En 1976, Joe Dassin envahit les hit-parades avec "Ça va pas changer le monde", puis en 77, c'est le titre "A toi" qui emporte les faveurs du public. D'un naturel discret sur sa vie privée, Joe Dassin fait cependant la Une des magasines en 1978, année de son mariage avec Christine Delvaux, une jeune femme que le chanteur a rencontrée en Normandie deux ans plus tôt. Au milieu d'une foule d'admirateurs et de journalistes, le mariage a lieu le 14 janvier 1978 dans un petit village de Provence, Cotignac, où Joe Dassin possède une maison. Leur voyage de noces se déroule en Amérique du nord, entrecoupé cependant de concerts et d'enregistrements. Alors qu'il chante au Canada, naît le 14 septembre à Paris, son fils Jonathan.
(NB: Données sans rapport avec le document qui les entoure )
(* Let $\mathcal C$ be a small cylinder category. Weak equivalences in $\widetilde{\mathcal C}$ satisfy 2-out-of-3: for composable $f:X\to Y$, $g:Y\to Z$ in $\widetilde{\mathcal C}$, if two of $f$, $g$, $g\circ f$ are weak equivalences then so is the third.
   Context: A cylinder category is a category $\mathcal C$ with two classes of morphisms, the cofibrations and the weak equivalences (morphisms in both classes are called trivial cofibrations), such that: (1) both classes contain all isomorphisms and are closed under composition; (2) weak equivalences satisfy 2-out-of-6: if $f,g,h$ are composable and $f\circ g$, $g\circ h$ are weak equivalences then $f,g,h,f\circ g\circ h$ are; (3) $\mathcal C$ has an initial object $0$ and every $0\to X$ is a cofibration; (4) pushouts of cofibrations along arbitrary maps exist and are cofibrations; (5) pushouts of trivial cofibrations are trivial cofibrations; (6) for every object $X$ the codiagonal $X\sqcup X\to X$ factors as a cofibration $X\sqcup X\hookrightarrow IX$ followed by a weak equivalence $IX\to X$; (7) every trivial cofibration admits a retraction. For a cofibration $A\hookrightarrow B$, a relative cylinder object is a factorization $B\sqcup_A B\hookrightarrow I_AB\xrightarrow{\sim}B$ of the codiagonal into a cofibration followed by a weak equivalence. For a small cylinder category $\mathcal C$, $\widetilde{\mathcal C}$ is the category of presheaves of sets on $\mathcal C$ sending the initial object to a singleton and pushouts along cofibrations to pullbacks of sets; $\mathcal C$ is identified with its image under the Yoneda embedding. A morphism $f:X\to Y$ of $\widetilde{\mathcal C}$ is a weak equivalence if for every cofibration $i:A\hookrightarrow B$ of $\mathcal C$ and every commutative square with top $u:A\to X$ and bottom $w:B\to Y$ (so $f\circ u=w\circ i$), there exist $a:B\to X$ with $a\circ i=u$ and $h:I_AB\to Y$ for some relative cylinder object such that $h$ restricted along the two inclusions $B\to I_AB$ is $f\circ a$ and $w$. *)

theory Defs
  imports Main
begin

record ('o, 'm) category =
  Obj :: "'o set"
  Mor :: "'m set"
  Dom :: "'m \<Rightarrow> 'o"
  Cod :: "'m \<Rightarrow> 'o"
  Id  :: "'o \<Rightarrow> 'm"
  Comp :: "'m \<Rightarrow> 'm \<Rightarrow> 'm"   (* Comp g f = g \<circ> f *)

definition hom :: "('o, 'm, 'x) category_scheme \<Rightarrow> 'o \<Rightarrow> 'o \<Rightarrow> 'm set" where
  "hom C a b = {f \<in> Mor C. Dom C f = a \<and> Cod C f = b}"

definition is_category :: "('o, 'm, 'x) category_scheme \<Rightarrow> bool" where
  "is_category C \<longleftrightarrow>
     (\<forall>f\<in>Mor C. Dom C f \<in> Obj C \<and> Cod C f \<in> Obj C) \<and>
     (\<forall>a\<in>Obj C. Id C a \<in> hom C a a) \<and>
     (\<forall>f\<in>Mor C. \<forall>g\<in>Mor C. Cod C f = Dom C g \<longrightarrow> Comp C g f \<in> hom C (Dom C f) (Cod C g)) \<and>
     (\<forall>f\<in>Mor C. Comp C f (Id C (Dom C f)) = f \<and> Comp C (Id C (Cod C f)) f = f) \<and>
     (\<forall>f\<in>Mor C. \<forall>g\<in>Mor C. \<forall>h\<in>Mor C. Cod C f = Dom C g \<longrightarrow> Cod C g = Dom C h \<longrightarrow>
        Comp C h (Comp C g f) = Comp C (Comp C h g) f)"

definition iso :: "('o, 'm, 'x) category_scheme \<Rightarrow> 'm \<Rightarrow> bool" where
  "iso C f \<longleftrightarrow> f \<in> Mor C \<and> (\<exists>g\<in>hom C (Cod C f) (Dom C f).
      Comp C g f = Id C (Dom C f) \<and> Comp C f g = Id C (Cod C f))"

definition initial :: "('o, 'm, 'x) category_scheme \<Rightarrow> 'o \<Rightarrow> bool" where
  "initial C z \<longleftrightarrow> z \<in> Obj C \<and> (\<forall>a\<in>Obj C. \<exists>!f. f \<in> hom C z a)"

text \<open>Pushout square: for f : a -> b and g : a -> c, the maps p : b -> d and q : c -> d
  form a pushout (so q is the pushout of f along g, p the pushout of g along f).\<close>
definition is_pushout :: "('o, 'm, 'x) category_scheme \<Rightarrow> 'm \<Rightarrow> 'm \<Rightarrow> 'm \<Rightarrow> 'm \<Rightarrow> bool" where
  "is_pushout C f g p q \<longleftrightarrow>
     f \<in> Mor C \<and> g \<in> Mor C \<and> Dom C f = Dom C g \<and>
     p \<in> hom C (Cod C f) (Cod C p) \<and> q \<in> hom C (Cod C g) (Cod C p) \<and>
     Comp C p f = Comp C q g \<and>
     (\<forall>e\<in>Obj C. \<forall>u\<in>hom C (Cod C f) e. \<forall>v\<in>hom C (Cod C g) e.
        Comp C u f = Comp C v g \<longrightarrow>
        (\<exists>!k. k \<in> hom C (Cod C p) e \<and> Comp C k p = u \<and> Comp C k q = v))"

text \<open>Relative cylinder object for a cofibration i : A -> B: a pushout B +_A B (with
  coprojections p, q), a cofibration j : B +_A B -> I and a weak equivalence r : I -> B
  whose composite r o j is the codiagonal (r o j o p = id, r o j o q = id).\<close>

record ('o, 'm) cyl_category = "('o, 'm) category" +
  Cof :: "'m set"
  WE  :: "'m set"

definition rel_cylinder :: "('o, 'm, 'x) cyl_category_scheme \<Rightarrow> 'm \<Rightarrow> 'm \<Rightarrow> 'm \<Rightarrow> 'm \<Rightarrow> 'm \<Rightarrow> bool" where
  "rel_cylinder C i p q j r \<longleftrightarrow>
     is_pushout C i i p q \<and> j \<in> Cof C \<and> r \<in> WE C \<and>
     j \<in> hom C (Cod C p) (Cod C j) \<and> r \<in> hom C (Cod C j) (Cod C i) \<and>
     Comp C r (Comp C j p) = Id C (Cod C i) \<and> Comp C r (Comp C j q) = Id C (Cod C i)"

definition cylinder_category :: "('o, 'm, 'x) cyl_category_scheme \<Rightarrow> bool" where
  "cylinder_category C \<longleftrightarrow>
     is_category C \<and> Cof C \<subseteq> Mor C \<and> WE C \<subseteq> Mor C \<and>
     \<comment> \<open>(1)\<close>
     (\<forall>f. iso C f \<longrightarrow> f \<in> Cof C \<and> f \<in> WE C) \<and>
     (\<forall>f\<in>Cof C. \<forall>g\<in>Cof C. Cod C f = Dom C g \<longrightarrow> Comp C g f \<in> Cof C) \<and>
     (\<forall>f\<in>WE C. \<forall>g\<in>WE C. Cod C f = Dom C g \<longrightarrow> Comp C g f \<in> WE C) \<and>
     \<comment> \<open>(2) 2-out-of-6, for composable h, g, f (f o g o h)\<close>
     (\<forall>f\<in>Mor C. \<forall>g\<in>Mor C. \<forall>h\<in>Mor C. Cod C h = Dom C g \<longrightarrow> Cod C g = Dom C f \<longrightarrow>
        Comp C f g \<in> WE C \<longrightarrow> Comp C g h \<in> WE C \<longrightarrow>
        f \<in> WE C \<and> g \<in> WE C \<and> h \<in> WE C \<and> Comp C f (Comp C g h) \<in> WE C) \<and>
     \<comment> \<open>(3)\<close>
     (\<exists>z. initial C z) \<and>
     (\<forall>z. initial C z \<longrightarrow> (\<forall>x\<in>Obj C. hom C z x \<subseteq> Cof C)) \<and>
     \<comment> \<open>(4)\<close>
     (\<forall>f\<in>Cof C. \<forall>g\<in>Mor C. Dom C g = Dom C f \<longrightarrow>
        (\<exists>p q. is_pushout C f g p q) \<and> (\<forall>p q. is_pushout C f g p q \<longrightarrow> q \<in> Cof C)) \<and>
     \<comment> \<open>(5)\<close>
     (\<forall>f\<in>Cof C \<inter> WE C. \<forall>g p q. is_pushout C f g p q \<longrightarrow> q \<in> Cof C \<inter> WE C) \<and>
     \<comment> \<open>(6) the codiagonal of every coproduct X + X factors as cofibration then weak equivalence\<close>
     (\<forall>x\<in>Obj C. \<forall>z e p q. initial C z \<longrightarrow> e \<in> hom C z x \<longrightarrow> is_pushout C e e p q \<longrightarrow>
        (\<exists>j r. j \<in> Cof C \<and> r \<in> WE C \<and>
           j \<in> hom C (Cod C p) (Cod C j) \<and> r \<in> hom C (Cod C j) x \<and>
           Comp C r (Comp C j p) = Id C x \<and> Comp C r (Comp C j q) = Id C x)) \<and>
     \<comment> \<open>(7)\<close>
     (\<forall>f\<in>Cof C \<inter> WE C. \<exists>r\<in>hom C (Cod C f) (Dom C f). Comp C r f = Id C (Dom C f))"

record ('o, 'm, 'v) presheaf =
  PS :: "'o \<Rightarrow> 'v set"
  PM :: "'m \<Rightarrow> 'v \<Rightarrow> 'v"   (* for f : a -> b, PM f : PS b -> PS a *)

definition is_presheaf :: "('o, 'm, 'x) cyl_category_scheme \<Rightarrow> ('o, 'm, 'v) presheaf \<Rightarrow> bool" where
  "is_presheaf C F \<longleftrightarrow>
     (\<forall>f\<in>Mor C. \<forall>x\<in>PS F (Cod C f). PM F f x \<in> PS F (Dom C f)) \<and>
     (\<forall>a\<in>Obj C. \<forall>x\<in>PS F a. PM F (Id C a) x = x) \<and>
     (\<forall>f\<in>Mor C. \<forall>g\<in>Mor C. Cod C f = Dom C g \<longrightarrow>
        (\<forall>x\<in>PS F (Cod C g). PM F (Comp C g f) x = PM F f (PM F g x))) \<and>
     \<comment> \<open>initial object goes to a singleton\<close>
     (\<forall>z. initial C z \<longrightarrow> (\<exists>v. PS F z = {v})) \<and>
     \<comment> \<open>pushouts along cofibrations go to pullbacks of sets\<close>
     (\<forall>f\<in>Cof C. \<forall>g p q. is_pushout C f g p q \<longrightarrow>
        bij_betw (\<lambda>x. (PM F p x, PM F q x)) (PS F (Cod C p))
          {(y, w). y \<in> PS F (Cod C f) \<and> w \<in> PS F (Cod C g) \<and> PM F f y = PM F g w})"

definition presheaf_mor :: "('o, 'm, 'x) cyl_category_scheme \<Rightarrow> ('o, 'm, 'v) presheaf \<Rightarrow>
    ('o, 'm, 'v) presheaf \<Rightarrow> ('o \<Rightarrow> 'v \<Rightarrow> 'v) \<Rightarrow> bool" where
  "presheaf_mor C F G \<eta> \<longleftrightarrow>
     (\<forall>a\<in>Obj C. \<forall>x\<in>PS F a. \<eta> a x \<in> PS G a) \<and>
     (\<forall>f\<in>Mor C. \<forall>x\<in>PS F (Cod C f). \<eta> (Dom C f) (PM F f x) = PM G f (\<eta> (Cod C f) x))"

definition ps_comp :: "('o \<Rightarrow> 'v \<Rightarrow> 'v) \<Rightarrow> ('o \<Rightarrow> 'v \<Rightarrow> 'v) \<Rightarrow> ('o \<Rightarrow> 'v \<Rightarrow> 'v)" where
  "ps_comp g f = (\<lambda>a x. g a (f a x))"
En 1979, Joe Dassin monte sur la scène de l'Olympia pour la dernière fois. En décembre, une alerte cardiaque doublée d'une opération due à un ulcère à l'estomac, affaiblit le chanteur, qui annule toutes ses tournées. En mars 1980, naît un deuxième enfant, Julien. Mais, le couple divorce quelques semaines plus tard. Dans les mois qui suivent, Joe Dassin est victime de deux accidents cardiaques, à Paris puis à Los Angeles. Le 11 juillet , il donne un dernier gala à Cannes, puis part se reposer chez lui à Tahiti avec ses fils, sa mère et quelques amis. Là, il meurt d'un ultime infarctus le mercredi 20 août lors d'un déjeuner dans un restaurant de Papeete.
Extraordinairement populaire, Joe Dassin appartient au patrimoine de la chanson française. Très écoutées et très vendues dans le monde entier, ses chansons sont encore aujourd'hui, presque vingt ans après sa mort, largement diffusées sur les ondes.